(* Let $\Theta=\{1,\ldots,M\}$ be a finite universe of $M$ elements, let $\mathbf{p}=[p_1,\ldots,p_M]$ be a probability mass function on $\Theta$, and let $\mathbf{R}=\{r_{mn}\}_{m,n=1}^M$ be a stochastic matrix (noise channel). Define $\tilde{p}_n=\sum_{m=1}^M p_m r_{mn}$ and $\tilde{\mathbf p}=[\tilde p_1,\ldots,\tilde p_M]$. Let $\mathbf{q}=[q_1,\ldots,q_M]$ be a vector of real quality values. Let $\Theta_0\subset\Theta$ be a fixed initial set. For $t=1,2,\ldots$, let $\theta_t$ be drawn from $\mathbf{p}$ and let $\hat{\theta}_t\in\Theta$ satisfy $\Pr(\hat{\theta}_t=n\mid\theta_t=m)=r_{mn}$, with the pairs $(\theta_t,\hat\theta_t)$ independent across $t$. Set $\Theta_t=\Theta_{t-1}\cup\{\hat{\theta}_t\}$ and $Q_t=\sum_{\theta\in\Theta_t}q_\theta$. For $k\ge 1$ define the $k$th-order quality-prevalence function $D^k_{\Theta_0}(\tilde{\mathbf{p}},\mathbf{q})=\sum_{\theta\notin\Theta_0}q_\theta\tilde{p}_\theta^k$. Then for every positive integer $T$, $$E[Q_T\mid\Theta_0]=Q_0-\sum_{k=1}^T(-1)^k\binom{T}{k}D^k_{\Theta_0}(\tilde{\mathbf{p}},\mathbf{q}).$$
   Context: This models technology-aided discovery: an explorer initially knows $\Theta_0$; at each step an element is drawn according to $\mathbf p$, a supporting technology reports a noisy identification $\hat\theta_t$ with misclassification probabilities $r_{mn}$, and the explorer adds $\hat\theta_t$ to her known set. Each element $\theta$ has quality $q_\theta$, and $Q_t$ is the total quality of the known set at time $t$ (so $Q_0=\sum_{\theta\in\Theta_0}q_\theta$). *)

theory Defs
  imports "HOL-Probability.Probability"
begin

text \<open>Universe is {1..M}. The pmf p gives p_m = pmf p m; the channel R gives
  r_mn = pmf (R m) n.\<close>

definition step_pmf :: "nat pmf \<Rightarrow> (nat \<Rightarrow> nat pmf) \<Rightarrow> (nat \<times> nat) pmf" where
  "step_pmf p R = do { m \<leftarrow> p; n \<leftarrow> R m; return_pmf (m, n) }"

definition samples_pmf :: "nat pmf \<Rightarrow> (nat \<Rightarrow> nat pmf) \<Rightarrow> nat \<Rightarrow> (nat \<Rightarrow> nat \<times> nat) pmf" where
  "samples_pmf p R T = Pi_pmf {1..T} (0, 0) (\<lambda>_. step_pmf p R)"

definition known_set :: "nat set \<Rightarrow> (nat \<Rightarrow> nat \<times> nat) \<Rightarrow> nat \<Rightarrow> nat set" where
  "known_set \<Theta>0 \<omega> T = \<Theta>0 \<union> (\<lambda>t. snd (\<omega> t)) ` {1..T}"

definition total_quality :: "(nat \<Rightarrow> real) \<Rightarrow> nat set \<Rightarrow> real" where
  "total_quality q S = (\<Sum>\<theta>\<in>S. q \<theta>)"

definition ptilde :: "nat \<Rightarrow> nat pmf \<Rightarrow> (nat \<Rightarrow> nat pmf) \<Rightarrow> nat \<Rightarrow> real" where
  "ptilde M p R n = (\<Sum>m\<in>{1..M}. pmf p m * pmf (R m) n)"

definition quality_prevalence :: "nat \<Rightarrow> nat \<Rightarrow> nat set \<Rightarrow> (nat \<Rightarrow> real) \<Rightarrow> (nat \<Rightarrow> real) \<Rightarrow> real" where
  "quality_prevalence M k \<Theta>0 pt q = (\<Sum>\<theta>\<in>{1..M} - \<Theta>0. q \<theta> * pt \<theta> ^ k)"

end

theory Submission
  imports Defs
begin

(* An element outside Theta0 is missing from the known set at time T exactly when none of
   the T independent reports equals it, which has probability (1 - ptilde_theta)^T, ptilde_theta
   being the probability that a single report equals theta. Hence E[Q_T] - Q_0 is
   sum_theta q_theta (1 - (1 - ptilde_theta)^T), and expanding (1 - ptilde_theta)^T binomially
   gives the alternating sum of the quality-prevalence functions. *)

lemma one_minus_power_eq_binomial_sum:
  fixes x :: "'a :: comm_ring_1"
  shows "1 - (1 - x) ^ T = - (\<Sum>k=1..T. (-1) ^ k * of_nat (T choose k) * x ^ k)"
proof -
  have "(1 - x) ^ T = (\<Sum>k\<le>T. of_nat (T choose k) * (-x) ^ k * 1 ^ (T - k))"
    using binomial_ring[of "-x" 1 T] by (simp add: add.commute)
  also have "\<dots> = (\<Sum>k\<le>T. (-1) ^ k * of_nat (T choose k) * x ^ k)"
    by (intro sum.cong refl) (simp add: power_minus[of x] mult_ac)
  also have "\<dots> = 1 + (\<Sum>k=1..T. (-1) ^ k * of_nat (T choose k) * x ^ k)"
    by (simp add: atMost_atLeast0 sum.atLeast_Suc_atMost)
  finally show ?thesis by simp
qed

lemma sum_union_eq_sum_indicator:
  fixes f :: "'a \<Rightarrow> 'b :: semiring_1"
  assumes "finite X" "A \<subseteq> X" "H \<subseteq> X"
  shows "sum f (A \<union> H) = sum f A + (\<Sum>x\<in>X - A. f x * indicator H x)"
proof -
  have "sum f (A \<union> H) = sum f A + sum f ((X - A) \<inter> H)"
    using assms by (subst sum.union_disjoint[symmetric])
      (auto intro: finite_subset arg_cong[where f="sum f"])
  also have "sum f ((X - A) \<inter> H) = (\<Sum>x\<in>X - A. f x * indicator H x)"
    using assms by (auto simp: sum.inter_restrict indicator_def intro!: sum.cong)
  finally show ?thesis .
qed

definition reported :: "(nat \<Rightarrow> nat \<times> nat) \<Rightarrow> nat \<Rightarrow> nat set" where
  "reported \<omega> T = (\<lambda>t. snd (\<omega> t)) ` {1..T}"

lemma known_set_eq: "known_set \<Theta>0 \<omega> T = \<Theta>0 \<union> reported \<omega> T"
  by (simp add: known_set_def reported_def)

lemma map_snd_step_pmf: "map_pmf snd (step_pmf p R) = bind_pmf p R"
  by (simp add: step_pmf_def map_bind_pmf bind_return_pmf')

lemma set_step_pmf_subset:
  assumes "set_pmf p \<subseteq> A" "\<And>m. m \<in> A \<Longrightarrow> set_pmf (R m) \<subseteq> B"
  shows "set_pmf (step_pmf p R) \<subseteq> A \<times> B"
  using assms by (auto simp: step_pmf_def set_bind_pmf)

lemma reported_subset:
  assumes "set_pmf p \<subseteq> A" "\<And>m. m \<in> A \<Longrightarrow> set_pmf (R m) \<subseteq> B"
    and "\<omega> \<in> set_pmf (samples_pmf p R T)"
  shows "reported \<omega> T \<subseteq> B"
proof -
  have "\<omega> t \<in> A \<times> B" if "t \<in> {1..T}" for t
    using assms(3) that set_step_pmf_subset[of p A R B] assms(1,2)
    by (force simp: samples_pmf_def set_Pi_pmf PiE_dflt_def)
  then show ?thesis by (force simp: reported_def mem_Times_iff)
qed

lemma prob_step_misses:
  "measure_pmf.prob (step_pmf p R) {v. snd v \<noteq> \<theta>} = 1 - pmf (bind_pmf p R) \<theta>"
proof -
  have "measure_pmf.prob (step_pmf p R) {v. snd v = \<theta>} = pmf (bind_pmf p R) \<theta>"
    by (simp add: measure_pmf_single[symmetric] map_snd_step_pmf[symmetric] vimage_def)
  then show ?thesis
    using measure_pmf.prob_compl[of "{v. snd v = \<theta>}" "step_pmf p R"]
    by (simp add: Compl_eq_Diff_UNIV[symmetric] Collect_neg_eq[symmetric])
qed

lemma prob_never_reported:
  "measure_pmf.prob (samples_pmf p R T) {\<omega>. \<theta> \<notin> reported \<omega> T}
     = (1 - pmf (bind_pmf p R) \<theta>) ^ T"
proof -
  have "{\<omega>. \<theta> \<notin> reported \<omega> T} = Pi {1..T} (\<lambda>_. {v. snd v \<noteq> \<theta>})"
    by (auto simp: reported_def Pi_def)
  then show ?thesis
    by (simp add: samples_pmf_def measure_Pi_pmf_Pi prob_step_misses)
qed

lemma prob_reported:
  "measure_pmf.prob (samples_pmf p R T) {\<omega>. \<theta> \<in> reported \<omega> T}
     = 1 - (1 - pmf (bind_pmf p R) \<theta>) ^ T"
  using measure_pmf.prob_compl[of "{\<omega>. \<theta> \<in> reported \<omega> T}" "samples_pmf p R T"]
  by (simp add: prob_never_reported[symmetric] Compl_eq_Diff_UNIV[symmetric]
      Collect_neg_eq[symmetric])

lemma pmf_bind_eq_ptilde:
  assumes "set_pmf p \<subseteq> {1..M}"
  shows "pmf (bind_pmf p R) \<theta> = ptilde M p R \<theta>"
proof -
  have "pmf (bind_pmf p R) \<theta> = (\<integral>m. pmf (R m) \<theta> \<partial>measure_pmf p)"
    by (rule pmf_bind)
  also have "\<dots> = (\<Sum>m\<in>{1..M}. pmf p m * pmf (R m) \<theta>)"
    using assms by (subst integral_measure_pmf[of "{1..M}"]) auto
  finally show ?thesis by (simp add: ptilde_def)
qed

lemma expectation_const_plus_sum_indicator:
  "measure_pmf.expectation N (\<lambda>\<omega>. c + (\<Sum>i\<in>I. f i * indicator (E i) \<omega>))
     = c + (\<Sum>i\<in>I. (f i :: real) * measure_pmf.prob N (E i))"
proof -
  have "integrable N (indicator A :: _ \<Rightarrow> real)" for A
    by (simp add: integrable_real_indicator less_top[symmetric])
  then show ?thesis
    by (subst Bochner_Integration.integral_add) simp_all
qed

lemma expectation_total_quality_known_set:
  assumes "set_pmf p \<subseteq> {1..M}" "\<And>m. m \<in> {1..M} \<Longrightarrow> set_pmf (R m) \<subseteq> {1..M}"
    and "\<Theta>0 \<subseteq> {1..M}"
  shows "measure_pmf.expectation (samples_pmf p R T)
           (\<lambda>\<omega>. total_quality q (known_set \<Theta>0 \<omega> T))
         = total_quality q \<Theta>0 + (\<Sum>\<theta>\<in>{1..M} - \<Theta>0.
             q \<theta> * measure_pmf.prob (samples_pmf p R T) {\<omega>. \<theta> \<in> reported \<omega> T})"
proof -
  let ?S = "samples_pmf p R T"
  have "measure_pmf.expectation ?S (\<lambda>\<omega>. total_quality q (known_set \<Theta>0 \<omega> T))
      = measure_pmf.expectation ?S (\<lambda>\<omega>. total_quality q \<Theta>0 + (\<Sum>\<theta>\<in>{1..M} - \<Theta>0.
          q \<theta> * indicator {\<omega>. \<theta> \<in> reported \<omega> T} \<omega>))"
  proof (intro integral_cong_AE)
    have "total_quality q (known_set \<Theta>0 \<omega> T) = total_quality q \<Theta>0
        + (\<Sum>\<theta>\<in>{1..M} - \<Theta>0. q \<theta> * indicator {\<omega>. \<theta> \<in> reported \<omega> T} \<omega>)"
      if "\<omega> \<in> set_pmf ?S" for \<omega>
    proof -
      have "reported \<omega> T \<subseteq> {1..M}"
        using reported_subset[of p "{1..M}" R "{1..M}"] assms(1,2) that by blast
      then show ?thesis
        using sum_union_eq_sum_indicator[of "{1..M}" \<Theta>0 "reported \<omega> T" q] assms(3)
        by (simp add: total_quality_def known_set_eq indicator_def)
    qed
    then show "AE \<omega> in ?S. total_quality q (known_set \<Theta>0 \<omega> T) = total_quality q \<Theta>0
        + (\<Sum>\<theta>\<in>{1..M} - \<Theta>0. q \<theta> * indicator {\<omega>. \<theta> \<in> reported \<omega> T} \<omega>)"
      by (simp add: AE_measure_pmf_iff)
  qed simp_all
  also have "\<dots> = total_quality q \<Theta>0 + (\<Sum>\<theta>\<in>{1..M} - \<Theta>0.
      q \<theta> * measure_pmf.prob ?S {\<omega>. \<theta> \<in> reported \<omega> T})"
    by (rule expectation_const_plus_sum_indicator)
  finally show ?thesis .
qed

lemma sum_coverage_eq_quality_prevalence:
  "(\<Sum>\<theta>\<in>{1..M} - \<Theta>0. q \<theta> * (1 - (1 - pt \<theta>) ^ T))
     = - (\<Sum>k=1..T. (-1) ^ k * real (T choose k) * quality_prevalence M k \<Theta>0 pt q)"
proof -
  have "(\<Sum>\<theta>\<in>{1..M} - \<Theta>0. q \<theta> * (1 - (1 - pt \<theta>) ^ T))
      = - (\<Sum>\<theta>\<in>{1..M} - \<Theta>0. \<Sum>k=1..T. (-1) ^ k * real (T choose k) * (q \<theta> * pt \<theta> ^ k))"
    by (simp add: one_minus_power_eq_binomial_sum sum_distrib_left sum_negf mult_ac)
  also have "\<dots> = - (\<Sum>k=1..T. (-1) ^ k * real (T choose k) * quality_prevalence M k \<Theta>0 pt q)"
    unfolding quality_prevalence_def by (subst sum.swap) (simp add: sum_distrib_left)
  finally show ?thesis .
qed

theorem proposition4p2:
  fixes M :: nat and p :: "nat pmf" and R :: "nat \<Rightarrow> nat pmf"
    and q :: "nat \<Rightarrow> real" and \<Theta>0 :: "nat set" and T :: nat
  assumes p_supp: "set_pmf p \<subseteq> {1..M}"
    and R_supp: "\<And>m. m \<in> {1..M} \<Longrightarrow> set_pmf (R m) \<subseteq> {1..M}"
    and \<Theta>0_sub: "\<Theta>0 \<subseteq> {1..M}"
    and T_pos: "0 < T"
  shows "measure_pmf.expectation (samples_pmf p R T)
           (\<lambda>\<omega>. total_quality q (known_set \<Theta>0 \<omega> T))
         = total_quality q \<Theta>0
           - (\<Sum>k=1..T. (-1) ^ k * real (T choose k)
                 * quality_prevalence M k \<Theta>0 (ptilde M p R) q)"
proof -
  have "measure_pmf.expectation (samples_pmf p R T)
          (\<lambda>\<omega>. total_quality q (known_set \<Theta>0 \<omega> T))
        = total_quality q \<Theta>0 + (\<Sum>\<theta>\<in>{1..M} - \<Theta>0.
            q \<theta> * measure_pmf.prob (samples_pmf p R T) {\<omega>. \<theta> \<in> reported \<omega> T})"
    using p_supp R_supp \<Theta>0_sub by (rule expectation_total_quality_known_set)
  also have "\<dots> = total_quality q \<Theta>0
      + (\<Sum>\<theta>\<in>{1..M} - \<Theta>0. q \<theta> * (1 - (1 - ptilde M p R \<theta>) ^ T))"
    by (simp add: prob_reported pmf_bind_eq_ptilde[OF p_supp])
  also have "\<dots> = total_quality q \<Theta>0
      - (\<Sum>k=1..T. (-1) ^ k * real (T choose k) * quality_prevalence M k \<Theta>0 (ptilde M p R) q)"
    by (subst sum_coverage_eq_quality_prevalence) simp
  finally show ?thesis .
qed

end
○ ○ ○
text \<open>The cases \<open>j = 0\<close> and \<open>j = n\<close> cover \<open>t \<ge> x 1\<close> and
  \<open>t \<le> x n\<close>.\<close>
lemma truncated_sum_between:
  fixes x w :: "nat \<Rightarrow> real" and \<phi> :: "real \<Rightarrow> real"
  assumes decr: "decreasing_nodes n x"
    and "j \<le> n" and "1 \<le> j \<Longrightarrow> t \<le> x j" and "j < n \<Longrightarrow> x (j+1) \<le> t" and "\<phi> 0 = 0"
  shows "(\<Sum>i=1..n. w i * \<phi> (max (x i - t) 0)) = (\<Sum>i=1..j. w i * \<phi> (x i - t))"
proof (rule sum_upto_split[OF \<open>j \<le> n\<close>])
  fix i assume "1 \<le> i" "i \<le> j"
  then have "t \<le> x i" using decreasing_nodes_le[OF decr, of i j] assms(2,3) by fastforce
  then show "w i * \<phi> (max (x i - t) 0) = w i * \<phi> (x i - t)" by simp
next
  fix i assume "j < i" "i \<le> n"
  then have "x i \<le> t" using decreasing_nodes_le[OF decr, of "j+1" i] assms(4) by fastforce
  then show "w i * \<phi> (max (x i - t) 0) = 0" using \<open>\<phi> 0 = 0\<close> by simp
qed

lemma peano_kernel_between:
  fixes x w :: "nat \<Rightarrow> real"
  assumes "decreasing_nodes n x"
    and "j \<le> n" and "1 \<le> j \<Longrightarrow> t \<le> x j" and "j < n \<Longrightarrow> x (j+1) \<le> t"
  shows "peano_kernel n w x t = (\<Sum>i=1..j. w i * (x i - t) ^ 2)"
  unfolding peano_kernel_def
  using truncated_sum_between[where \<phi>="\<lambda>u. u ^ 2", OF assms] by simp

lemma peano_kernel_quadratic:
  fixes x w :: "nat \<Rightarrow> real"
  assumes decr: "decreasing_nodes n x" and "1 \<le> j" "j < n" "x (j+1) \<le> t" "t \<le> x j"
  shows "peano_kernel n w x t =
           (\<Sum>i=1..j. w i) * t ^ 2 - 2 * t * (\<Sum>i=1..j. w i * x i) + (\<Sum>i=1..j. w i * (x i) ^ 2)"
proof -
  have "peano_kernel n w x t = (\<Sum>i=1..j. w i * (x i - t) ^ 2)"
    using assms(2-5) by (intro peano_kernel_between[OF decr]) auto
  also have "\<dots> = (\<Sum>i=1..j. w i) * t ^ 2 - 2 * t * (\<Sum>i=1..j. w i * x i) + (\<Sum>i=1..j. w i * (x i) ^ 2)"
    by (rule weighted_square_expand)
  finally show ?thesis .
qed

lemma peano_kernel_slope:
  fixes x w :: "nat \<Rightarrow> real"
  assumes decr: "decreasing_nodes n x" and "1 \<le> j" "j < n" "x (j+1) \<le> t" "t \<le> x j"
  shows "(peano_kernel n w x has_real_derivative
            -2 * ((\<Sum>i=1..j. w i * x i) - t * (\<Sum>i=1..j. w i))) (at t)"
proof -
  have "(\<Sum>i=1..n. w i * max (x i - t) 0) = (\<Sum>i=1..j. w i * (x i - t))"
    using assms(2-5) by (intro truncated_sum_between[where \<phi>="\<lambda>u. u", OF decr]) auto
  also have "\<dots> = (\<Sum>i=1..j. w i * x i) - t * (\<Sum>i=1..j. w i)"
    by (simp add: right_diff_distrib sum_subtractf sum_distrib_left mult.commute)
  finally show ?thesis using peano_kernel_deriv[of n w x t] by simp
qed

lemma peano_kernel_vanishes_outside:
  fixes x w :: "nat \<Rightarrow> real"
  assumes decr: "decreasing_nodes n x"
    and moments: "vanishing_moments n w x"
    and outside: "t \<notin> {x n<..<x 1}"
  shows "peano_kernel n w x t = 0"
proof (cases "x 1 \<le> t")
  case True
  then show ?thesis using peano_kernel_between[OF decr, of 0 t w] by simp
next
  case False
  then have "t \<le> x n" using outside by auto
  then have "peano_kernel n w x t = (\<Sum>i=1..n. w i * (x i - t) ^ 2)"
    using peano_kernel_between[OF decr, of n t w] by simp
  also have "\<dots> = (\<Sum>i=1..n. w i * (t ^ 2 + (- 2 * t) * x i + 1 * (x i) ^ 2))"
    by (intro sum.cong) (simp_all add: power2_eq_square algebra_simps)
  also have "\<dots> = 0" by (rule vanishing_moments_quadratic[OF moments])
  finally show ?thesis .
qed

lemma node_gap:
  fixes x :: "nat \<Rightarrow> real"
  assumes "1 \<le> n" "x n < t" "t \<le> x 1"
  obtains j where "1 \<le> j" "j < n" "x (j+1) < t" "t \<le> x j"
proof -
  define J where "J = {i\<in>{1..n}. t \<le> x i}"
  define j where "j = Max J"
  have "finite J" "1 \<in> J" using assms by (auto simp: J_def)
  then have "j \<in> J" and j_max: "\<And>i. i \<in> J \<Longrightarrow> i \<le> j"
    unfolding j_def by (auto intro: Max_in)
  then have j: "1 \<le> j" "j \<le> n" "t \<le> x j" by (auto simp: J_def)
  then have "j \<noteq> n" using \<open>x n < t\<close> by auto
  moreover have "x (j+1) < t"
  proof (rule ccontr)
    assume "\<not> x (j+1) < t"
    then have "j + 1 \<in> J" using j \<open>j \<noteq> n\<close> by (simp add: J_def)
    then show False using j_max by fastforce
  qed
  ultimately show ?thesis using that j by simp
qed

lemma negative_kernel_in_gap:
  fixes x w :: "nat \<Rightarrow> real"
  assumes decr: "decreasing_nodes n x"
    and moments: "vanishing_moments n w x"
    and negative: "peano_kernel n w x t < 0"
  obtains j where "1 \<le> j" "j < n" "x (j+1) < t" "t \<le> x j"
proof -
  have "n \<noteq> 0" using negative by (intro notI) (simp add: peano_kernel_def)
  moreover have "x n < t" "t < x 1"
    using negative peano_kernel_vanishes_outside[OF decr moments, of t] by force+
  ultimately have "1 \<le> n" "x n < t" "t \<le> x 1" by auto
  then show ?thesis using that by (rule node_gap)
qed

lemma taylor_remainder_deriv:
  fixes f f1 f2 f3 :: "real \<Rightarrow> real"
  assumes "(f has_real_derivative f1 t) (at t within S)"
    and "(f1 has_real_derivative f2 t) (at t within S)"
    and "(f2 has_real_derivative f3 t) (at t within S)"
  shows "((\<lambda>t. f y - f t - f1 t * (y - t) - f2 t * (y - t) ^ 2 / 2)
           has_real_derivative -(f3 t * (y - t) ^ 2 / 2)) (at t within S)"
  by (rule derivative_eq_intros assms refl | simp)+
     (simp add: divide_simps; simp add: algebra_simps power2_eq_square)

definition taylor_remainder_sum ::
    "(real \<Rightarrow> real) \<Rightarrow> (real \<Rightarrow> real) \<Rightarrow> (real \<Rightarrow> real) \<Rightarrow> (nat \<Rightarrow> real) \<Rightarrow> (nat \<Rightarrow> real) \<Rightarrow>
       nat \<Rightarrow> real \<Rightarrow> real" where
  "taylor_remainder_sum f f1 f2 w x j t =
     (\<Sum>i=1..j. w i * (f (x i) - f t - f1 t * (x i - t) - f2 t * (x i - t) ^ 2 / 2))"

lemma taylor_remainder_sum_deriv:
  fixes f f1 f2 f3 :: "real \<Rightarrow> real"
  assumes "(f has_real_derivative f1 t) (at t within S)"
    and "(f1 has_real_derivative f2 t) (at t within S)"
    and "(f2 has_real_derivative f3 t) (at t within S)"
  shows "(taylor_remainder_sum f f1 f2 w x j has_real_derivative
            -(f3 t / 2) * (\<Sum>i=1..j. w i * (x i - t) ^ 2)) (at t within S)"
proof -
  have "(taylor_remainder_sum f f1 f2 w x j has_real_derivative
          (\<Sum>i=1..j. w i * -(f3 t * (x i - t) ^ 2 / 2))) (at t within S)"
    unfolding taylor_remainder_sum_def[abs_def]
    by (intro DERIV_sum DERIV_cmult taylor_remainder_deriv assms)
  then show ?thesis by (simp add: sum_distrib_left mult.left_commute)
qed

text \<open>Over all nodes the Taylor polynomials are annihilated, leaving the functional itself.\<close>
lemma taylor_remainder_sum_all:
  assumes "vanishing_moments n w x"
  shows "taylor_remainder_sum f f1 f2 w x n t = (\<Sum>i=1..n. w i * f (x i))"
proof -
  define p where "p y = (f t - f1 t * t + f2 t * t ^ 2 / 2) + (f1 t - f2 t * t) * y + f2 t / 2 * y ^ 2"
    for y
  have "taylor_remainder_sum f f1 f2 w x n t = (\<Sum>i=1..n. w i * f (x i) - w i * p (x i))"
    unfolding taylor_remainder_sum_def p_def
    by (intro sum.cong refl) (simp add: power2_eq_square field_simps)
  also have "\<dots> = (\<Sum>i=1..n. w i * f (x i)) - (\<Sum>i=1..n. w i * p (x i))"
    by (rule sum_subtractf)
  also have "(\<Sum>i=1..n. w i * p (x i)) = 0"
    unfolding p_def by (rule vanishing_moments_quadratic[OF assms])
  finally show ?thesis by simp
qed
○ ○ ○
Copy out, exactly and alone, the lines of the entries above between the ones holding "text \<open>Universe is" and "m \<leftarrow> p;", inclusive.

text \<open>Universe is {1..M}. The pmf p gives p_m = pmf p m; the channel R gives
  r_mn = pmf (R m) n.\<close>

definition step_pmf :: "nat pmf \<Rightarrow> (nat \<Rightarrow> nat pmf) \<Rightarrow> (nat \<times> nat) pmf" where
  "step_pmf p R = do { m \<leftarrow> p; n \<leftarrow> R m; return_pmf (m, n) }"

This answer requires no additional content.